Cross-sectional studies and case-control studies have reported distinct differences in upper digestive tract microbiome between gastroesophageal reflux disease (19-21), Barrett’s esophagus (19-22), esophageal adenocarcinoma (EAC) (19,23), esophageal squamous dysplasia (24), or ESCC (6,7,9) cases and controls. Additionally, poor oral health, including poor periodontal health, tooth loss, and irregular teeth brushing, has repeatedly reported to be linked with the risk of malignant esophageal lesions (2,6,7,25,26), supporting the hypothesis that oral health-related microbial environment (e.g. oral dysbiosis) may play a role in the carcinogenesis of esophageal epithelium. However, only one study to date has prospectively examined whether upper digestive tract microbiome influences risk for subsequent esophageal cancer. In a nested case-control study conducted in USA, Peters et al. evaluated oral bacteria using 16S rRNA gene sequencing in prediagnostic mouthwash specimens from n=81/160 EAC and n=25/50 ESCC cases/matched controls (7).
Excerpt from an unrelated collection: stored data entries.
lemma char_poly_mult_commute:
  fixes P Q :: "'a::field mat"
  assumes P: "P \<in> carrier_mat n n" and Q: "Q \<in> carrier_mat n n"
  shows "char_poly (P * Q) = char_poly (Q * P)"
proof -
  have "char_poly (R * S) = det ([:0, 1:] \<cdot>\<^sub>m 1\<^sub>m n - map_mat (\<lambda>a. [:a:]) R * map_mat (\<lambda>a. [:a:]) S)"
    if "R \<in> carrier_mat n n" "S \<in> carrier_mat n n" for R S :: "'a mat"
    unfolding char_poly_defs map_poly_mult(1)[OF that, symmetric]
    using that by (intro arg_cong[of _ _ det] eq_matI) auto
  then show ?thesis
    using det_scalar_minus_mult_commute[of "map_mat (\<lambda>a. [:a:]) P" n "map_mat (\<lambda>a. [:a:]) Q" "[:0, 1:]"]
      P Q by simp
qed

lemma orthonormal_basis_with_first:
  fixes v :: "real vec"
  assumes v: "v \<in> carrier_vec n" and v0: "v \<noteq> 0\<^sub>v n"
  obtains W where "W \<in> carrier_mat n n" "transpose_mat W * W = 1\<^sub>m n"
    "col W 0 = (1 / sqrt (v \<bullet> v)) \<cdot>\<^sub>v v"
proof -
  interpret cof_vec_space n "TYPE(real)" .
  define b where "b = basis_completion v"
  define ws where "ws = gram_schmidt n b"
  define W where "W = mat_of_cols n (map (\<lambda>w. (1 / sqrt (w \<bullet> w)) \<cdot>\<^sub>v w) ws)"
  from basis_completion[OF v v0, folded b_def]
  have b: "set b \<subseteq> carrier_vec n" "distinct b" "\<not> lin_dep (set b)" "hd b = v" "length b = n"
    by auto
  have n: "n \<noteq> 0" using v v0 by (auto intro!: eq_vecI)
  with b obtain vs where bv: "b = v # vs" by (cases b) auto
  from gram_schmidt_result[OF b(1-3) refl, folded ws_def]
  have ws: "set ws \<subseteq> carrier_vec n" "corthogonal ws" "length ws = n" by (auto simp: b(5))
  have hd_ws: "hd ws = v" using gram_schmidt_hd[OF v, of vs] unfolding ws_def bv .
  have ws_carrier: "ws ! i \<in> carrier_vec n" if "i < n" for i using ws that by auto
  have orth: "ws ! i \<bullet> ws ! j = 0 \<longleftrightarrow> i \<noteq> j" if "i < n" "j < n" for i j
    using ws(2,3) that unfolding corthogonal_def by auto
  have pos: "ws ! i \<bullet> ws ! i > 0" if "i < n" for i
    using orth[OF that that] conjugate_square_ge_0_vec[of "ws ! i"] by (simp add: less_le)
  have W: "W \<in> carrier_mat n n" unfolding W_def using ws(3) by (simp add: mat_of_cols_def carrier_matI)
  have col_W: "col W i = (1 / sqrt (ws ! i \<bullet> ws ! i)) \<cdot>\<^sub>v ws ! i" if "i < n" for i
    unfolding W_def using ws ws_carrier that by auto
  have "transpose_mat W * W = 1\<^sub>m n"
  proof (rule eq_matI)
    fix i j assume "i < dim_row (1\<^sub>m n)" "j < dim_col (1\<^sub>m n)"
    then have i: "i < n" and j: "j < n" by auto
    have "(transpose_mat W * W) $$ (i, j)
        = (1 / sqrt (ws ! i \<bullet> ws ! i)) * (1 / sqrt (ws ! j \<bullet> ws ! j)) * (ws ! i \<bullet> ws ! j)"
      using i j W col_W ws_carrier[OF i] ws_carrier[OF j] by simp
    also have "\<dots> = 1\<^sub>m n $$ (i, j)"
      using orth[OF i j] pos[OF i] i j by (cases "i = j") (auto simp: real_sqrt_mult[symmetric])
    finally show "(transpose_mat W * W) $$ (i, j) = 1\<^sub>m n $$ (i, j)" .
  qed (use W in auto)
  moreover have "col W 0 = (1 / sqrt (v \<bullet> v)) \<cdot>\<^sub>v v"
    using col_W[of 0] n hd_ws ws(3) by (cases ws) auto
  ultimately show ?thesis using W that by blast
qed
(* Let $p\ge 2$ and $d\in\{0,1,\dots,9\}$ be integers, and let $n\ge 10^{p-1}$ be an integer. Let $k=\max\{i\in\mathbb N:10^{i+p}\le n\}$, with $k=-1$ if this set is empty, and let $$l=\Big\lfloor\frac{n-(10^{p-1}+d)10^{k+1}}{10^{k+2}}\Big\rfloor+10^{p-2}.$$ Then \begin{align*} P_{(d,n,p)}=\frac{1}{n+1-10^{p-1}}\Big(&\sum_{i=0}^k\Big(\sum_{j=10^{p-2}}^{10^{p-1}-1}\ \sum_{b=(10j+d)10^i}^{(10j+(d+1))10^i-1}\frac{b-((9j+d)10^i+10^{p-2}-1)}{b+1-10^{p-1}}\\ &+\sum_{j=10^{p-2}-1}^{10^{p-1}-1}\ \sum_{a=\max(10^{p+i-1},(10j+(d+1))10^i)}^{\min(10^{p+i}-1,(10(j+1)+d)10^i-1)}\frac{10^i(j+1)-10^{p-2}}{a+1-10^{p-1}}\Big)+ r_{(n,d,p)}\Big), \end{align*} where, if the $p$-th digit of $n$ is $d$, \begin{align*} r_{(n,d,p)}=&\sum_{j=10^{p-2}}^{l}\ \sum_{b=(10j+d)10^{k+1}}^{\min(n,(10j+(d+1))10^{k+1}-1)}\frac{b-((9j+d)10^{k+1}+10^{p-2}-1)}{b+1-10^{p-1}}\\ &+\sum_{j=10^{p-2}-1}^{l-1}\ \sum_{a=\max(10^{p+k},(10j+(d+1))10^{k+1})}^{(10(j+1)+d)10^{k+1}-1}\frac{10^{k+1}(j+1)-10^{p-2}}{a+1-10^{p-1}}, \end{align*} and, if the $p$-th digit of $n$ is different from $d$, \begin{align*} r_{(n,d,p)}=&\sum_{j=10^{p-2}}^{l}\ \sum_{b=(10j+d)10^{k+1}}^{(10j+(d+1))10^{k+1}-1}\frac{b-((9j+d)10^{k+1}+10^{p-2}-1)}{b+1-10^{p-1}}\\ &+\sum_{j=10^{p-2}-1}^{l}\ \sum_{a=\max(10^{p+k},(10j+(d+1))10^{k+1})}^{\min(n,(10(j+1)+d)10^{k+1}-1)}\frac{10^{k+1}(j+1)-10^{p-2}}{a+1-10^{p-1}}. \end{align*}
   Context: For an integer $x\ge 10^{p-1}$ (so $x$ has at least $p$ decimal digits), the "$p$-th digit of $x$" is the $p$-th digit of its decimal expansion counted from the left (most significant digit first). For integers $p\ge2$, $d\in\{0,\dots,9\}$ and $m\ge 10^{p-1}$, let $N_d(m)$ be the number of integers $x$ with $10^{p-1}\le x\le m$ whose $p$-th digit is $d$. For $n\ge 10^{p-1}$ the model is the two-stage random experiment: first choose $m$ uniformly at random in $\{10^{p-1},\dots,n\}$, then choose $x$ uniformly at random in $\{10^{p-1},\dots,m\}$. $P_{(d,n,p)}$ denotes the probability that the $p$-th digit of $x$ is $d$, i.e. $$P_{(d,n,p)}=\frac{1}{n+1-10^{p-1}}\sum_{m=10^{p-1}}^{n}\frac{N_d(m)}{m+1-10^{p-1}}.$$ Sums whose upper index is smaller than the lower index (e.g. $\sum_{i=0}^{-1}$) are zero. *)

theory Defs
  imports Complex_Main
begin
They found that several specific species were associated with cancer risk (For EAC, Tannerella forsythia and Streptococcus pneumoniae with P<0.05; For ESCC,Prophyromonas gingivalis with a P value of 0.09). In our study, at the species level, we found that dozens of oral bacteria were associated with malignant esophageal lesions. Using a larger sample size and a more appropriate statistical method for abundance comparison (Deseq vs. Conditional logistic regression) may partially explain the larger number of cancer related-species we found. Our results are in keeping with the current concept that mixed communities of pathogens collectively drive disease progression, rather than individual species working in isolation (13,27). The molecular mechanisms by which the microbiome may be involved in the aetiopathogenesis of cancer have been extensively discussed. All the proposed mechanisms, including genomic integration, genotoxicity, inflammation, immunity and metabolism, seem to ultimately converge on final common pathways of enhanced capacity of replication and dedifferentiation, and prolonged host cell survival (18). Further study about the oncogenic mechanisms by which the oral microbiome, alone or alongside with environmental and host factors, may initiate and/or drive the carcinogenesis of esophageal cancer is warranted.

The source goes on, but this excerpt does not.